If you ask me, one of the best things about Christmas is waking up and watching the snow fall outside your window, lying warm in your bed, knowing that there's nothing you have to do all day. Nothing you can do all day, aside from watch movies and eat Chinese food. This year, I figured this would all be the same, only without the snow. It hadn't snowed all month.

But when I woke up, I lifted my head, looked out the window, and there it was. It didn't last long. The snowflakes drifted by just long enough to get me into the holiday spirit and into the kitchen. I turned on a Christmas playlist (quietly, since I had house guests) and danced around my pantry, surveying my breakfast options. Belgian waffles. A frittata. Maybe I'd make some poffertjes. I looked at my flours, then to my sugars, and then I reached for the olive oil. We'll have bagels for breakfast. I'm making ice cream.

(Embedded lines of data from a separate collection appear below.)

definition unlabeled_atom :: "'a set \<Rightarrow> ('a \<times> 'a) set \<Rightarrow> ('a \<Rightarrow> 'a \<Rightarrow> real) \<Rightarrow> nat \<Rightarrow> 'a set \<Rightarrow> bool" where
  "unlabeled_atom Nv E v k U \<longleftrightarrow> is_atom (alg_k Nv E v k) U \<and>
     (\<forall>H \<in> min_forests Nv E v k. U \<inter> roots Nv H = {})"

definition arcs_from :: "('a \<times> 'a) set \<Rightarrow> 'a set \<Rightarrow> ('a \<times> 'a) set" where
  "arcs_from G S = {a \<in> G. fst a \<in> S}"

definition enters :: "('a \<times> 'a) set \<Rightarrow> 'a set \<Rightarrow> bool" where
  "enters G X \<longleftrightarrow> (\<exists>i j. (i,j) \<in> G \<and> j \<in> X \<and> i \<notin> X)"

text \<open>G^F_{\<up>S}: replace arcs of G leaving S by those of F leaving S.\<close>
definition replace_at :: "('a \<times> 'a) set \<Rightarrow> ('a \<times> 'a) set \<Rightarrow> 'a set \<Rightarrow> ('a \<times> 'a) set" where
  "replace_at G F S = arcs_from F S \<union> {a \<in> G. fst a \<notin> S}"

end

theory Submission
  imports Defs
begin

text \<open>
  The gap condition \<open>\<phi>(k - 1) + \<phi>(k + 1) > 2\<phi>(k)\<close> forces every tree of a minimal forest \<open>H\<close> to contain
  exactly one root of any other minimal forest \<open>F\<close>: otherwise exchanging the arcs of that tree
  between \<open>F\<close> and \<open>H\<close> produces forests with \<open>k + 1\<close> and \<open>k - 1\<close> trees of total weight \<open>2\<phi>(k)\<close>.
  Consequently, exchanging the arcs of any union of trees of \<open>H\<close> between \<open>F\<close> and \<open>H\<close> preserves
  the number of trees, and since the two resulting weights add up to \<open>2\<phi>(k)\<close>, both forests stay
  minimal. An unlabeled atom \<open>U\<close> is the intersection of the trees through one of its vertices in
  all minimal forests; exchanging with each of them in turn yields a minimal forest with the arcs
  of \<open>F\<close> on \<open>U\<close> and no arc entering \<open>U\<close>, hence none entering any union \<open>Y\<close> of components
  of \<open>F|\<^sub>U\<close>. In such a forest the arcs leaving \<open>Y\<close> can be replaced by those of any forest \<open>G\<close>
  covering \<open>Y\<close> without creating a cycle or a root, which gives the local minimality (3).
  Applying (3) to \<open>X\<close> and \<open>U - X\<close> for \<open>F\<close>, and to \<open>U\<close> for \<open>G\<close>, forces the equality in (2).
\<close>

section \<open>Trees of a forest\<close>

lemma spanning_forest_iff: "spanning_forest E F \<longleftrightarrow> F \<subseteq> E \<and> single_valued F \<and> acyclic F"
  unfolding spanning_forest_def single_valued_def by blast

definition tree_root :: "('a \<times> 'a) set \<Rightarrow> 'a \<Rightarrow> 'a" where
  "tree_root H z = (SOME r. (z, r) \<in> H\<^sup>* \<and> r \<notin> fst ` H)"

lemma ex_tree_root:
  assumes "finite H" "acyclic H"
  shows "\<exists>r. (z, r) \<in> H\<^sup>* \<and> r \<notin> fst ` H"
proof -
  obtain r where r: "(z, r) \<in> H\<^sup>*" and min: "\<And>s. (s, r) \<in> H\<inverse> \<Longrightarrow> (z, s) \<notin> H\<^sup>*"
    using wfE_min[OF finite_acyclic_wf_converse[OF assms], of z "{w. (z, w) \<in> H\<^sup>*}"] by auto
  have "r \<notin> fst ` H"
  proof
    assume "r \<in> fst ` H"
    then obtain s where "(r, s) \<in> H" by force
    with r min show False by (meson converse_iff rtrancl.rtrancl_into_rtrancl)
  qed
  with r show ?thesis by blast
qed

lemma tree_root:
  assumes "finite H" "acyclic H"
  shows "(z, tree_root H z) \<in> H\<^sup>*" and "tree_root H z \<notin> fst ` H"
  using someI_ex[OF ex_tree_root[OF assms, of z]] unfolding tree_root_def by auto

lemma rtrancl_from_sink: "r \<notin> fst ` H \<Longrightarrow> (r, s) \<in> H\<^sup>* \<Longrightarrow> s = r"
  by (erule converse_rtranclE) force+

lemma tree_root_eqI:
  assumes "finite H" "single_valued H" "acyclic H" "(z, r) \<in> H\<^sup>*" "r \<notin> fst ` H"
  shows "tree_root H z = r"
  using single_valued_confluent[OF assms(2) assms(4) tree_root(1)[OF assms(1,3)]]
    rtrancl_from_sink assms(5) tree_root(2)[OF assms(1,3)] by metis

lemma tree_root_rtrancl:
  assumes "finite H" "single_valued H" "acyclic H" "(a, b) \<in> H\<^sup>*"
  shows "tree_root H a = tree_root H b"
  using assms(4) tree_root[OF assms(1,3), of b]
  by (intro tree_root_eqI[OF assms(1-3)]) (auto intro: rtrancl_trans)

lemma tree_root_eq_iff:
  assumes "finite H" "single_valued H" "acyclic H"
  shows "tree_root H a = tree_root H b \<longleftrightarrow> (a, b) \<in> (H \<union> H\<inverse>)\<^sup>*"
proof
  have up: "(a, tree_root H a) \<in> (H \<union> H\<inverse>)\<^sup>*" for a
    using tree_root(1)[OF assms(1,3)] rtrancl_mono[of H "H \<union> H\<inverse>"] by blast
  have "(tree_root H b, b) \<in> (H \<union> H\<inverse>)\<^sup>*"
    by (rule symD[OF sym_rtrancl[OF sym_Un_converse] up])
  then show "(a, b) \<in> (H \<union> H\<inverse>)\<^sup>*" if "tree_root H a = tree_root H b"
    using up[of a] that by (metis rtrancl_trans)
next
  show "tree_root H a = tree_root H b" if "(a, b) \<in> (H \<union> H\<inverse>)\<^sup>*"
    using that
  proof (induction rule: rtrancl_induct)
    case (step y z)
    then show ?case
      using tree_root_rtrancl[OF assms] by (metis UnE converse_iff r_into_rtrancl)
  qed simp
qed

section \<open>Exchanging arcs between forests\<close>

text \<open>\<open>saturated S H\<close>: \<open>S\<close> is a union of weakly connected components of \<open>H\<close>.\<close>

definition saturated :: "'a set \<Rightarrow> ('a \<times> 'a) set \<Rightarrow> bool" where
  "saturated S H \<longleftrightarrow> (\<forall>(a, b) \<in> H. a \<in> S \<longleftrightarrow> b \<in> S)"

lemma saturated_iff_not_enters: "saturated S H \<longleftrightarrow> \<not> enters H S \<and> \<not> enters H (- S)"
  unfolding saturated_def enters_def by auto

lemma saturated_rtrancl:
  assumes "saturated S H" "(a, b) \<in> H\<^sup>*"
  shows "a \<in> S \<longleftrightarrow> b \<in> S"
  using assms(2) by (induction rule: rtrancl_induct) (use assms(1) in \<open>auto simp: saturated_def\<close>)

lemma saturated_Compl: "saturated (- S) H \<longleftrightarrow> saturated S H"
  unfolding saturated_def by blast

lemma saturated_Diff: "saturated A H \<Longrightarrow> saturated B H \<Longrightarrow> saturated (A - B) H"
  unfolding saturated_def by blast

lemma saturated_Int_Times: "saturated W (H \<inter> W \<times> W)"
  unfolding saturated_def by blast

lemma saturated_wcomp: "saturated (wcomp W H z) (H \<inter> W \<times> W)"
  unfolding saturated_def wcomp_def
  by (blast intro: rtrancl_into_rtrancl)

Olive oil ice cream. One of my house guests had requested it, and I'm glad she did. It has this creaminess that is so effortless and buttery. I hadn't made this flavor since July, and I was so excited about it that I started to sing "it's beginning to look a lot like ice cream" as it churned. Usually I'm alone when I change the words to make songs about ice cream, but this time I had friends around to point out what a big dork I am.

Lemon Olive Oil Ice Cream
Adapted from Jeni's Splendid Ice Cream.

There are lots of options with this ice cream. If you want a subtler lemon, you can leave out the lemon syrup. If you like poppyseeds, you can either mix them in at the end of churning or sprinkle them on top. Whatever you choose, use a high-quality olive oil, and the result will be delicious.

For lemon syrup:
1/4 cup lemon juice (1-2 lemons)
1 tablespoon sugar

For ice cream:
2 cups whole milk
1 tablespoon + 1 teaspoon cornstarch
3 tablespoons whipped cream cheese
1/4 teaspoon fine sea salt
1 cup heavy cream
2/3 cup sugar
2 tablespoons light corn syrup
zest of 1 lemon
1/4 cup olive oil
optional: 2 tablespoons poppyseeds

Before you make the base...
- Remove the zest of two lemons in large strips with a vegetable peeler. Set the zest aside. Then, combine the measured lemon juice and sugar in a small sauce pan. Bring it to a simmer over medium heat, stirring until all of the sugar is dissolved. Pour into a bowl and let it cool in the fridge.
- In a small bowl, mix the cornstarch with 2 tablespoons of milk into a slurry.
- Measure out the whipped cream cheese and sea salt into a medium bowl (if you don't have whipped cream cheese, you can whisk the two together).

Then...
- In a medium saucepan, combine the cream, sugar, corn syrup, lemon zest, and remaining milk and bring to a rolling boil over medium-high heat. While you're waiting for it to boil, fill a large bowl with ice and cold water and set it aside. Boil the mixture for four minutes, keeping an eye on it so it doesn't boil over. Remove from heat and slowly add the cornstarch slurry, whisking constantly.
- Bring the mixture back to a boil, stirring frequently, and boil for approximately one minute, or until it's slightly thickened. Remove from heat and gradually whisk the hot mixture into the cream cheese, starting with a very small amount to make sure the mixture is perfectly smooth. Add the olive oil and whisk until fully incorporated.
- Pour the mixture into a 1-gallon Ziploc freezer bag, and place the bag in the prepared ice bath until fully cooled. This usually takes about 30 minutes, and you'll need to add more ice as it melts. If you don't want to churn the ice cream right away, you can cool the mixture in the fridge overnight.

Finally...
- Discard the lemon zest and pour the mixture into your frozen canister (I do so by cutting a hole in the bottom corner of the bag). Add the lemon syrup and churn according to your ice cream maker's instructions. Optional: In the last minute of churning, add poppyseeds. 
- Pack the ice cream into a quart-sized or two pint-sized containers, press parchment paper on top, and seal the container with an airtight lid. After 4+ hours in the freezer, your ice cream will be ready to eat.